Highest Power Silicon Carbon Schottky Rectifiers Available in Commercial Quantities from Cree

Cree, Inc., a market leader in silicon carbide (SiC) power semiconductors, announced that it is shipping production quantities of a new 50-amp Zero Recovery® Schottky rectifier operating at 1200 volts. The new CPW2-1200S050 demonstrates Cree’s ability to develop innovative power-handling devices that can significantly improve levels of efficiency in power inverters. This advance means that applications such as solar and wind power converters, industrial motor drives, and electric vehicles using these Cree devices can increase their operating efficiency beyond current levels.

Compared with traditional silicon-based diodes, Cree’s SiC-based Zero Recovery rectifiers can:

  • Simplify Power Factor Correction Boost design by eliminating the need for snubbers and reducing component count.
  • Reduce power losses, leading to cooler operating temperatures.
  • Produce significantly less electromagnetic interference (EMI).
  • Better support new design objectives for efficiency set forth by the EPA, California Electric Commission and other agencies.

“Recent advancements Cree has made in material quality allow us to expand our product offerings into much higher power levels, opening whole new applications for our SiC power device technology,” said John Palmour, Cree executive vice president for advanced devices. “This new device is another example of Cree’s leadership in silicon carbide materials and high power devices. It can help designers address energy efficiency requirements driven by global energy concerns.”

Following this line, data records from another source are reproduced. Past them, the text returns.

(* Let $\hat{\mathbb{N}}$ be the set of odd integers $n\ge3$, let $n \in \hat{\mathbb{N}}$ and $M \subseteq \hat{\mathbb{N}} \setminus \{n\}$. Let $T$ be the set of all partial Boolean functions whose domain does not contain the all-zero tuple. Then $\mathrm{pPol}\, R^{0,2}_n \not\supseteq T \cap \bigcap_{m \in M} \mathrm{pPol}\, R^{0,2}_m$.
   Context: Partial functions are on $\{0,1\}$: an $n$-ary partial function is a map $f:\operatorname{dom} f\to\{0,1\}$ with $\operatorname{dom} f\subseteq\{0,1\}^n$; an empty intersection of subsets of the set of all partial functions is understood as the set of all partial functions. For $\rho\subseteq\{0,1\}^h$, $\mathrm{pPol}\,\rho$ is the set of partial functions $f$ such that for every $h\times n$ matrix whose rows lie in $\operatorname{dom} f$ and whose columns lie in $\rho$, the column obtained by applying $f$ row-wise lies in $\rho$. Let $\rho_{0,2}=\{(0,0),(0,1),(1,0)\}$. For $n\ge2$, $R^{0,2}_{C,n}=\{(x_1,\dots,x_n)\in\{0,1\}^n: (x_i,x_{i+1})\in\rho_{0,2}\text{ for } i\in[n], \text{ with } x_{n+1}:=x_1\}$, $R^{0,2}_{K,n}=\{(x_1,\dots,x_n): (x_i,x_j)\in\rho_{0,2}\text{ for all } i\ne j\}$, and $R^{0,2}_n=R^{0,2}_{C,n}\times R^{0,2}_{K,n}\subseteq\{0,1\}^{2n}$. *)

theory Defs
  imports Main
begin

text \<open>A partial Boolean function of arity n: a pair (n, f) where f maps tuples
  (lists of length n over {0,1}) in its domain to a value in {0,1}; None outside
  the domain.\<close>

type_synonym pfun = "nat \<times> (nat list \<Rightarrow> nat option)"

definition is_pfun :: "pfun \<Rightarrow> bool" where
  "is_pfun p \<longleftrightarrow> fst p \<ge> 1 \<and>
     (\<forall>x \<in> dom (snd p). length x = fst p \<and> set x \<subseteq> {0,1}) \<and>
     (\<forall>x y. snd p x = Some y \<longrightarrow> y \<in> {0,1})"
lemma Sup_ereal_eqI:
  assumes "\<And>R. P R \<Longrightarrow> R \<le> T" and "\<And>R. R < T \<Longrightarrow> P R"
  shows "Sup {ereal R | R. P R} = ereal T"
proof (rule antisym)
  show "Sup {ereal R | R. P R} \<le> ereal T"
    by (rule Sup_least) (auto intro: assms(1))
  show "ereal T \<le> Sup {ereal R | R. P R}"
  proof (rule dense_le)
    fix y assume y: "y < ereal T"
    show "y \<le> Sup {ereal R | R. P R}"
    proof (cases y)
      case (real r)
      with y assms(2) show ?thesis
        by (auto intro: Sup_upper)
    qed (use y in auto)
  qed
qed

definition cball_skips :: "'a::metric_space \<Rightarrow> real \<Rightarrow> 'a \<Rightarrow> 'a \<Rightarrow> 'a \<Rightarrow> bool" where
  "cball_skips q \<rho> p1 p2 p3 \<longleftrightarrow> p1 \<in> cball q \<rho> \<and> p3 \<in> cball q \<rho> \<and> p2 \<notin> cball q \<rho>"

lemma degree_of_monotonicity_3:
  "degree_of_monotonicity [p1, p2, p3] =
     Sup {ereal R | R. \<forall>q \<rho>. \<rho> \<le> R \<longrightarrow> \<not> cball_skips q \<rho> p1 p2 p3}"
proof -
  have "(\<forall>q \<rho>. 0 \<le> \<rho> \<and> \<rho> \<le> R \<longrightarrow> consecutive_set (indices_in [p1, p2, p3] (cball q \<rho>))) \<longleftrightarrow>
        (\<forall>q \<rho>. \<rho> \<le> R \<longrightarrow> \<not> cball_skips q \<rho> p1 p2 p3)" for R
    unfolding consecutive_set_indices_in_3 cball_skips_def mem_cball
    by (meson zero_le_dist order_trans)
  then show ?thesis
    unfolding degree_of_monotonicity_def by simp
qed

lemma degree_of_monotonicity_3_eqI:
  assumes lower: "\<And>q \<rho>. cball_skips q \<rho> p1 p2 p3 \<Longrightarrow> T \<le> \<rho>"
    and upper: "\<And>R. T < R \<Longrightarrow> \<exists>q \<rho>. \<rho> \<le> R \<and> cball_skips q \<rho> p1 p2 p3"
  shows "degree_of_monotonicity [p1, p2, p3] = ereal T"
  unfolding degree_of_monotonicity_3
proof (rule Sup_ereal_eqI)
  show "R \<le> T" if "\<forall>q \<rho>. \<rho> \<le> R \<longrightarrow> \<not> cball_skips q \<rho> p1 p2 p3" for R
    using upper that by (meson not_le)
  show "\<forall>q \<rho>. \<rho> \<le> R \<longrightarrow> \<not> cball_skips q \<rho> p1 p2 p3" if "R < T" for R
    using lower that by fastforce
qed
(* Let $R$ be a commutative ring with $1$ and let $\alpha_0=1,\alpha_1,\alpha_2,\dots$ be a sequence in $R$. Define the infinite matrix $M=M(\alpha)$ with entries $M_{i,j}$, $i,j\in\mathbb N$, by $M_{0,0}=1$, $M_{0,j}=1$, $M_{i,0}=\alpha_i$, and $M_{i,j}=M_{i-1,j}+M_{i,j-1}$ for $i,j\geq1$. Define the unipotent lower-triangular infinite matrix $L=L(\alpha)$ by $L_{i,j}=M_{i-j,j}$ for $i\geq j\geq0$ and $L_{i,j}=0$ for $j>i$. Let $U$ be the infinite upper-triangular matrix with entries $U_{i,j}=\binom{j}{i}$. Then $M(\alpha)=L(\alpha)U$. *)

theory Defs
  imports Main
begin

fun Mmat :: "(nat \<Rightarrow> 'a::comm_ring_1) \<Rightarrow> nat \<Rightarrow> nat \<Rightarrow> 'a" where
  "Mmat \<alpha> 0 j = 1"
| "Mmat \<alpha> (Suc i) 0 = \<alpha> (Suc i)"
| "Mmat \<alpha> (Suc i) (Suc j) = Mmat \<alpha> i (Suc j) + Mmat \<alpha> (Suc i) j"

definition Lmat :: "(nat \<Rightarrow> 'a::comm_ring_1) \<Rightarrow> nat \<Rightarrow> nat \<Rightarrow> 'a" where
  "Lmat \<alpha> i j = (if j \<le> i then Mmat \<alpha> (i - j) j else 0)"

definition Umat :: "nat \<Rightarrow> nat \<Rightarrow> 'a::comm_ring_1" where
  "Umat i j = of_nat (j choose i)"

text \<open>Product of infinite matrices: the entry (i,j) is the sum of the (finitely many,
  in the situation of interest) nonzero terms A i k * B k j.\<close>
definition inf_mat_mult :: "(nat \<Rightarrow> nat \<Rightarrow> 'a::comm_ring_1) \<Rightarrow> (nat \<Rightarrow> nat \<Rightarrow> 'a) \<Rightarrow> nat \<Rightarrow> nat \<Rightarrow> 'a" where
  "inf_mat_mult A B i j = (\<Sum>k \<in> {k. A i k * B k j \<noteq> 0}. A i k * B k j)"

end

theory Submission
  imports Defs
begin

text \<open>The (i,j) entry of L U is the finite sum
  \<open>\<Sum>k\<le>i. M(i-k,k) * (j choose k)\<close>. Together with its companion, in which every column
  index of M is shifted by one, it satisfies the defining recursion of M: the shift in the
  row direction comes from the recursion of M itself, the shift in the column direction from
  Pascal's rule for the binomial coefficients. Induction along the recursion of M then
  identifies the two matrices.\<close>

definition lu_entry :: "(nat \<Rightarrow> 'a::comm_ring_1) \<Rightarrow> nat \<Rightarrow> nat \<Rightarrow> 'a" where
  "lu_entry \<alpha> i j = (\<Sum>k\<le>i. Mmat \<alpha> (i - k) k * of_nat (j choose k))"

definition lu_entry_shift :: "(nat \<Rightarrow> 'a::comm_ring_1) \<Rightarrow> nat \<Rightarrow> nat \<Rightarrow> 'a" where
  "lu_entry_shift \<alpha> i j = (\<Sum>k\<le>i. Mmat \<alpha> (i - k) (Suc k) * of_nat (j choose k))"

lemma inf_mat_mult_eq_sum_atMost:
  assumes "\<And>k. n < k \<Longrightarrow> A i k = 0"
  shows "inf_mat_mult A B i j = (\<Sum>k\<le>n. A i k * B k j)"
  unfolding inf_mat_mult_def
proof (rule sum.mono_neutral_left)
  show "{k. A i k * B k j \<noteq> 0} \<subseteq> {..n}"
  proof
    fix k
    assume "k \<in> {k. A i k * B k j \<noteq> 0}"
    then have "A i k \<noteq> 0" by auto
    then show "k \<in> {..n}" using assms by (meson atMost_iff not_le)
  qed
qed auto

lemma lu_entry_shift_Suc:
  "lu_entry_shift \<alpha> (Suc i) j = lu_entry \<alpha> (Suc i) j + lu_entry_shift \<alpha> i j"
proof -
  have "(\<Sum>k\<le>i. Mmat \<alpha> (Suc i - k) (Suc k) * of_nat (j choose k))
      = (\<Sum>k\<le>i. Mmat \<alpha> (i - k) (Suc k) * of_nat (j choose k))
        + (\<Sum>k\<le>i. Mmat \<alpha> (Suc i - k) k * of_nat (j choose k))"
    by (simp add: sum.distrib[symmetric] Suc_diff_le algebra_simps)
  then show ?thesis
    unfolding lu_entry_shift_def lu_entry_def by (simp add: algebra_simps)
qed

lemma lu_entry_Suc_Suc:
  "lu_entry \<alpha> (Suc i) (Suc j) = lu_entry \<alpha> (Suc i) j + lu_entry_shift \<alpha> i j"
proof -
  have split_first: "lu_entry \<alpha> (Suc i) j' =
      \<alpha> (Suc i) + (\<Sum>k\<le>i. Mmat \<alpha> (i - k) (Suc k) * of_nat (j' choose Suc k))" for j'
    unfolding lu_entry_def by (simp add: sum.atMost_Suc_shift del: sum.atMost_Suc)
  have "(\<Sum>k\<le>i. Mmat \<alpha> (i - k) (Suc k) * of_nat (Suc j choose Suc k))
      = (\<Sum>k\<le>i. Mmat \<alpha> (i - k) (Suc k) * of_nat (j choose Suc k)) + lu_entry_shift \<alpha> i j"
    unfolding lu_entry_shift_def by (simp add: sum.distrib[symmetric] algebra_simps)
  then show ?thesis
    by (simp add: split_first algebra_simps)
qed

lemma lu_entry_Suc_col: "lu_entry \<alpha> i (Suc j) = lu_entry_shift \<alpha> i j"
proof (cases i)
  case 0
  then show ?thesis by (simp add: lu_entry_def lu_entry_shift_def)
next
  case (Suc i')
  then show ?thesis by (simp add: lu_entry_Suc_Suc lu_entry_shift_Suc add.commute)
qed

lemma Mmat_eq_lu_entry: "Mmat \<alpha> i j = lu_entry \<alpha> i j"
proof (induction \<alpha> i j rule: Mmat.induct)
  case (1 \<alpha> j)
  then show ?case by (simp add: lu_entry_def)
next
  case (2 \<alpha> i)
  then show ?case by (simp add: lu_entry_def sum.atMost_Suc_shift del: sum.atMost_Suc)
next
  case (3 \<alpha> i j)
  then show ?case by (simp add: lu_entry_Suc_col lu_entry_Suc_Suc lu_entry_shift_Suc)
qed

theorem proposition4p6:
  fixes \<alpha> :: "nat \<Rightarrow> 'a::comm_ring_1"
  assumes "\<alpha> 0 = 1"
  shows "Mmat \<alpha> = inf_mat_mult (Lmat \<alpha>) Umat"
proof (intro ext)
  fix i j
  have "inf_mat_mult (Lmat \<alpha>) Umat i j = (\<Sum>k\<le>i. Lmat \<alpha> i k * Umat k j)"
    by (rule inf_mat_mult_eq_sum_atMost) (simp add: Lmat_def)
  also have "\<dots> = lu_entry \<alpha> i j"
    by (simp add: lu_entry_def Lmat_def Umat_def)
  finally show "Mmat \<alpha> i j = inf_mat_mult (Lmat \<alpha>) Umat i j"
    by (simp add: Mmat_eq_lu_entry)
qed

end
(* Let $\nabla$ be a metric connection on an anchored metric bundle $(E,\langle\cdot,\cdot\rangle,a_E)$ over $M$, and let $\circ^\nabla$ be the bracket $\langle e_1\circ^\nabla e_2,e_3\rangle=\langle\nabla_{e_1}e_2,e_3\rangle-\langle\nabla_{e_2}e_1,e_3\rangle+\langle\nabla_{e_3}e_1,e_2\rangle$. Then $(E,\langle\cdot,\cdot\rangle,\circ^\nabla,a_E)$ is a pre-Courant algebroid if and only if either of the following equivalent conditions holds: (1) for all $e_1,e_2\in\Gamma(E)$ the operator $C^\nabla(e_1,e_2):\Gamma(E)\to\Gamma(E)$ is $C^\infty(M)$-linear; (2) $\mathcal{D}(f)\circ^\nabla e=0$ for all $e\in\Gamma(E)$ and $f\in C^\infty(M)$.
   Context: An anchored metric bundle: a vector bundle $E\to M$ with pseudo-metric $\langle\cdot,\cdot\rangle$ and bundle map $a_E:E\to TM$. A metric connection: $\mathbb{R}$-bilinear $\nabla$ with $\nabla_{fe_1}e_2=f\nabla_{e_1}e_2$, $\nabla_{e_1}(fe_2)=a_E(e_1)(f)e_2+f\nabla_{e_1}e_2$, $a_E(e_1)\langle e_2,e_3\rangle=\langle\nabla_{e_1}e_2,e_3\rangle+\langle e_2,\nabla_{e_1}e_3\rangle$. $\mathcal{D}:C^\infty(M)\to\Gamma(E)$ is defined by $\langle\mathcal{D}(f),e\rangle=a_E(e)(f)$. The Courant curvature is $C^\nabla(e_1,e_2)=\nabla_{e_1}\nabla_{e_2}-\nabla_{e_2}\nabla_{e_1}-\nabla_{e_1\circ^\nabla e_2}$. $(E,\langle\cdot,\cdot\rangle,\circ^\nabla,a_E)$ is always a metric algebroid (i.e. $a_E(e)\langle h_1,h_2\rangle=\langle e\circ h_1,h_2\rangle+\langle h_1,e\circ h_2\rangle$ and $e\circ e=\tfrac12\mathcal{D}\langle e,e\rangle$); a pre-Courant algebroid is a metric algebroid with $a_E(e_1\circ e_2)=[a_E(e_1),a_E(e_2)]$ for all $e_1,e_2$. *)

theory Defs
  imports Main "HOL.Real_Vector_Spaces"
begin

text \<open>Smooth functions C^infinity(M) are modelled by a set Cinf of real-valued
functions on M (type 'm) closed under the pointwise algebra operations; smooth sections
Gamma(E) are modelled by a real vector space 'e with a C^infinity(M)-action sm.
The pseudo-metric is g, the anchor is anc (anc e is the vector field a_E(e),
acting on functions as a derivation), and all operations are pointwise.\<close>

definition fun_algebra :: "('m \<Rightarrow> real) set \<Rightarrow> bool" where
  "fun_algebra Cinf \<longleftrightarrow>
     (\<forall>c. (\<lambda>x. c) \<in> Cinf) \<and>
     (\<forall>f\<in>Cinf. \<forall>h\<in>Cinf. (\<lambda>x. f x + h x) \<in> Cinf) \<and>
     (\<forall>f\<in>Cinf. \<forall>h\<in>Cinf. (\<lambda>x. f x * h x) \<in> Cinf) \<and>
     (\<forall>f\<in>Cinf. (\<lambda>x. - f x) \<in> Cinf)"

definition anchored_metric_bundle ::
  "('m \<Rightarrow> real) set \<Rightarrow> (('m \<Rightarrow> real) \<Rightarrow> 'e::real_vector \<Rightarrow> 'e) \<Rightarrow>
   ('e \<Rightarrow> 'e \<Rightarrow> ('m \<Rightarrow> real)) \<Rightarrow> ('e \<Rightarrow> ('m \<Rightarrow> real) \<Rightarrow> ('m \<Rightarrow> real)) \<Rightarrow> bool" where
  "anchored_metric_bundle Cinf sm g anc \<longleftrightarrow>
     fun_algebra Cinf \<and>
     \<comment> \<open>Gamma(E) is a C^infinity(M)-module, compatible with its real structure\<close>
     (\<forall>f\<in>Cinf. \<forall>h\<in>Cinf. \<forall>e. sm (\<lambda>x. f x * h x) e = sm f (sm h e)) \<and>
     (\<forall>f\<in>Cinf. \<forall>h\<in>Cinf. \<forall>e. sm (\<lambda>x. f x + h x) e = sm f e + sm h e) \<and>
     (\<forall>f\<in>Cinf. \<forall>e e'. sm f (e + e') = sm f e + sm f e') \<and>
     (\<forall>c e. sm (\<lambda>x. c) e = c *\<^sub>R e) \<and>
     \<comment> \<open>pseudo-metric: symmetric, C^infinity(M)-bilinear, nondegenerate\<close>
     (\<forall>e h. g e h \<in> Cinf) \<and>
     (\<forall>e h. g e h = g h e) \<and>
     (\<forall>e e' h. g (e + e') h = (\<lambda>x. g e h x + g e' h x)) \<and>
     (\<forall>f\<in>Cinf. \<forall>e h. g (sm f e) h = (\<lambda>x. f x * g e h x)) \<and>
     (\<forall>e. (\<forall>h. g e h = (\<lambda>x. 0)) \<longrightarrow> e = 0) \<and>
     \<comment> \<open>anchor: a_E(e) is a vector field (an R-linear derivation of C^infinity(M))\<close>
     (\<forall>e. \<forall>f\<in>Cinf. anc e f \<in> Cinf) \<and>
     (\<forall>e. \<forall>f\<in>Cinf. \<forall>h\<in>Cinf. anc e (\<lambda>x. f x + h x) = (\<lambda>x. anc e f x + anc e h x)) \<and>
     (\<forall>e. \<forall>f\<in>Cinf. \<forall>c. anc e (\<lambda>x. c * f x) = (\<lambda>x. c * anc e f x)) \<and>
     (\<forall>e. \<forall>f\<in>Cinf. \<forall>h\<in>Cinf.
        anc e (\<lambda>x. f x * h x) = (\<lambda>x. f x * anc e h x + anc e f x * h x)) \<and>
     \<comment> \<open>anchor is a bundle map, i.e. C^infinity(M)-linear in e\<close>
     (\<forall>e e'. \<forall>f\<in>Cinf. anc (e + e') f = (\<lambda>x. anc e f x + anc e' f x)) \<and>
     (\<forall>h\<in>Cinf. \<forall>e. \<forall>f\<in>Cinf. anc (sm h e) f = (\<lambda>x. h x * anc e f x))"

The CPW2-1200S050 reaches new power levels because of significant SiC materials quality advancements achieved in the last year. It also features the industry’s largest-area SiC die, with a die size of 8.2 mm x 4 mm. Fundamental to these advancements are very low defect density substrates, including zero micropipe SiC substrates. This remarkable advance in technology was made possible by pioneering research performed by INTRINSIC Semiconductor, acquired by Cree in 2006, in combination with major research efforts funded by DARPA and the Army Research Laboratories.